ENTRIES SUPPLIED >>
--*--

(* Let $(X,\mathcal{O}(X))$ be a measurable space, $\mathcal{A}$ a unital $C^*$-algebra and $\mathcal{H}$ a Hilbert space. Every spectral instrument $\mathcal{I}:\mathcal{O}(X)\to CP(\mathcal{A},\mathcal{B}(\mathcal{H}))$ is a $C^*$-extreme point of $I_{\mathcal{H}}(X,\mathcal{A})$.
   Context: A CP instrument is a map $\mathcal{I}$ from $\mathcal{O}(X)$ to the completely positive maps $\mathcal{A}\to\mathcal{B}(\mathcal{H})$ such that for all $a\in\mathcal{A}$, $h,k\in\mathcal{H}$, $A\mapsto\langle h,\mathcal{I}(A)(a)k\rangle$ is a countably additive complex measure. It is UCP if $\mathcal{I}(X)(1_\mathcal{A})=I_\mathcal{H}$; $I_{\mathcal{H}}(X,\mathcal{A})$ is the set of UCP instruments. It is spectral if it is UCP and $\mathcal{I}(A)$ is a $*$-homomorphism for every $A\in\mathcal{O}(X)$. $\mathcal{I}$ is $C^*$-extreme if whenever $\mathcal{I}(\cdot)=\sum_{i=1}^nT_i^*\mathcal{I}_i(\cdot)T_i$ with $\mathcal{I}_i\in I_{\mathcal{H}}(X,\mathcal{A})$ and invertible $T_i\in\mathcal{B}(\mathcal{H})$, $\sum T_i^*T_i=I_\mathcal{H}$, there are unitaries $U_i$ with $\mathcal{I}_i(\cdot)=U_i^*\mathcal{I}(\cdot)U_i$ for all $i$. *)

theory Defs
  imports "HOL-Analysis.Analysis"
begin

class complex_vector = ab_group_add +
  fixes scaleC :: "complex \<Rightarrow> 'a \<Rightarrow> 'a"
  assumes scaleC_add_right: "scaleC a (x + y) = scaleC a x + scaleC a y"
    and scaleC_add_left: "scaleC (a + b) x = scaleC a x + scaleC b x"
    and scaleC_scaleC: "scaleC a (scaleC b x) = scaleC (a * b) x"
    and scaleC_one: "scaleC 1 x = x"

text \<open>Complex Hilbert space: complete complex inner product space
  (inner product conjugate-linear in the first, linear in the second argument).\<close>
class chilbert = complex_vector + banach +
  fixes cinner :: "'a \<Rightarrow> 'a \<Rightarrow> complex"
  assumes scaleR_scaleC_h: "scaleR r x = scaleC (complex_of_real r) x"
    and cinner_commute: "cinner x y = cnj (cinner y x)"
    and cinner_add_right: "cinner x (y + z) = cinner x y + cinner x z"
    and cinner_scaleC_right: "cinner x (scaleC a y) = a * cinner x y"
    and cinner_ge_zero: "0 \<le> Re (cinner x x)"
    and cinner_eq_zero_iff: "cinner x x = 0 \<longleftrightarrow> x = 0"
    and norm_eq_sqrt_cinner: "norm x = sqrt (Re (cinner x x))"

class cstar_algebra = complex_vector + real_normed_algebra_1 + banach +
  fixes cstar :: "'a \<Rightarrow> 'a"
  assumes scaleR_scaleC_a: "scaleR r x = scaleC (complex_of_real r) x"
    and norm_scaleC: "norm (scaleC a x) = cmod a * norm x"
    and scaleC_mult_left: "scaleC a x * y = scaleC a (x * y)"
    and scaleC_mult_right: "x * scaleC a y = scaleC a (x * y)"
    and cstar_cstar: "cstar (cstar x) = x"
    and cstar_add: "cstar (x + y) = cstar x + cstar y"
    and cstar_mult: "cstar (x * y) = cstar y * cstar x"
    and cstar_scaleC: "cstar (scaleC a x) = scaleC (cnj a) (cstar x)"
    and cstar_identity: "norm (cstar x * x) = (norm x)\<^sup>2"

definition clinear :: "('a::complex_vector \<Rightarrow> 'b::complex_vector) \<Rightarrow> bool" where
  "clinear f \<longleftrightarrow> (\<forall>a x y. f (x + y) = f x + f y \<and> f (scaleC a x) = scaleC a (f x))"

definition bounded_op :: "('h::chilbert \<Rightarrow> 'h) \<Rightarrow> bool" where
  "bounded_op T \<longleftrightarrow> clinear T \<and> (\<exists>K. \<forall>x. norm (T x) \<le> K * norm x)"

definition adjoint :: "('h::chilbert \<Rightarrow> 'h) \<Rightarrow> ('h \<Rightarrow> 'h)" where
  "adjoint T = (THE S. \<forall>x y. cinner (S x) y = cinner x (T y))"

definition invertible_op :: "('h::chilbert \<Rightarrow> 'h) \<Rightarrow> bool" where
  "invertible_op T \<longleftrightarrow> bounded_op T \<and> (\<exists>S. bounded_op S \<and> S \<circ> T = id \<and> T \<circ> S = id)"

definition unitary_op :: "('h::chilbert \<Rightarrow> 'h) \<Rightarrow> bool" where
  "unitary_op U \<longleftrightarrow> bounded_op U \<and> adjoint U \<circ> U = id \<and> U \<circ> adjoint U = id"

text \<open>Completely positive maps A -> B(H): linear, B(H)-valued, and for every n the
  amplification phi_n : M_n(A) -> M_n(B(H)) = B(H^n) maps positive matrices B* B
  (B in M_n(A)) to positive operators on H^n.\<close>
definition cp_map :: "('a::cstar_algebra \<Rightarrow> 'h::chilbert \<Rightarrow> 'h) \<Rightarrow> bool" where
  "cp_map \<phi> \<longleftrightarrow>
     (\<forall>c x y. \<phi> (x + y) = (\<lambda>h. \<phi> x h + \<phi> y h) \<and> \<phi> (scaleC c x) = (\<lambda>h. scaleC c (\<phi> x h))) \<and> (\<forall>a. bounded_op (\<phi> a)) \<and>
     (\<forall>(n::nat) (B::nat \<Rightarrow> nat \<Rightarrow> 'a) (h::nat \<Rightarrow> 'h).
        let s = (\<Sum>i<n. \<Sum>j<n. cinner (h i) (\<phi> (\<Sum>k<n. cstar (B k i) * B k j) (h j)))
        in s \<in> \<real> \<and> 0 \<le> Re s)"

definition complex_countably_additive :: "'x measure \<Rightarrow> ('x set \<Rightarrow> complex) \<Rightarrow> bool" where
  "complex_countably_additive M \<mu> \<longleftrightarrow>
     (\<forall>F::nat \<Rightarrow> 'x set. range F \<subseteq> sets M \<longrightarrow> disjoint_family F \<longrightarrow>
        (\<lambda>n. \<mu> (F n)) sums \<mu> (\<Union>n. F n))"

definition cp_instrument :: "'x measure \<Rightarrow> ('x set \<Rightarrow> 'a::cstar_algebra \<Rightarrow> 'h::chilbert \<Rightarrow> 'h) \<Rightarrow> bool" where
  "cp_instrument M I \<longleftrightarrow> (\<forall>A\<in>sets M. cp_map (I A)) \<and>
     (\<forall>a h k. complex_countably_additive M (\<lambda>A. cinner h (I A a k)))"

definition ucp_instrument :: "'x measure \<Rightarrow> ('x set \<Rightarrow> 'a::cstar_algebra \<Rightarrow> 'h::chilbert \<Rightarrow> 'h) \<Rightarrow> bool" where
  "ucp_instrument M I \<longleftrightarrow> cp_instrument M I \<and> I (space M) 1 = id"

definition spectral_instrument :: "'x measure \<Rightarrow> ('x set \<Rightarrow> 'a::cstar_algebra \<Rightarrow> 'h::chilbert \<Rightarrow> 'h) \<Rightarrow> bool" where
  "spectral_instrument M I \<longleftrightarrow> ucp_instrument M I \<and>
     (\<forall>A\<in>sets M. \<forall>a b. I A (a * b) = I A a \<circ> I A b \<and> I A (cstar a) = adjoint (I A a))"

definition cstar_extreme :: "'x measure \<Rightarrow> ('x set \<Rightarrow> 'a::cstar_algebra \<Rightarrow> 'h::chilbert \<Rightarrow> 'h) \<Rightarrow> bool" where
  "cstar_extreme M I \<longleftrightarrow>
     (\<forall>(n::nat) (Is::nat \<Rightarrow> 'x set \<Rightarrow> 'a \<Rightarrow> 'h \<Rightarrow> 'h) (T::nat \<Rightarrow> 'h \<Rightarrow> 'h).
        (\<forall>i<n. ucp_instrument M (Is i) \<and> invertible_op (T i)) \<and>
        (\<lambda>h. \<Sum>i<n. adjoint (T i) (T i h)) = id \<and>
        (\<forall>A\<in>sets M. \<forall>a. I A a = (\<lambda>h. \<Sum>i<n. adjoint (T i) (Is i A a (T i h))))
        \<longrightarrow> (\<exists>U::nat \<Rightarrow> 'h \<Rightarrow> 'h. \<forall>i<n. unitary_op (U i) \<and>
               (\<forall>A\<in>sets M. \<forall>a. Is i A a = (\<lambda>h. adjoint (U i) (I A a (U i h))))))"

end

theory Submission
  imports Defs
begin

--*--

WHAT YOU SHOULD DO >>
Take the line above containing "set \<Rightarrow> complex)", the line containing "M \<mu> \<longleftrightarrow>", and all lines in between, and copy them exactly without anything else.

EXERCISE OUTPUT >>
definition complex_countably_additive :: "'x measure \<Rightarrow> ('x set \<Rightarrow> complex) \<Rightarrow> bool" where
  "complex_countably_additive M \<mu> \<longleftrightarrow>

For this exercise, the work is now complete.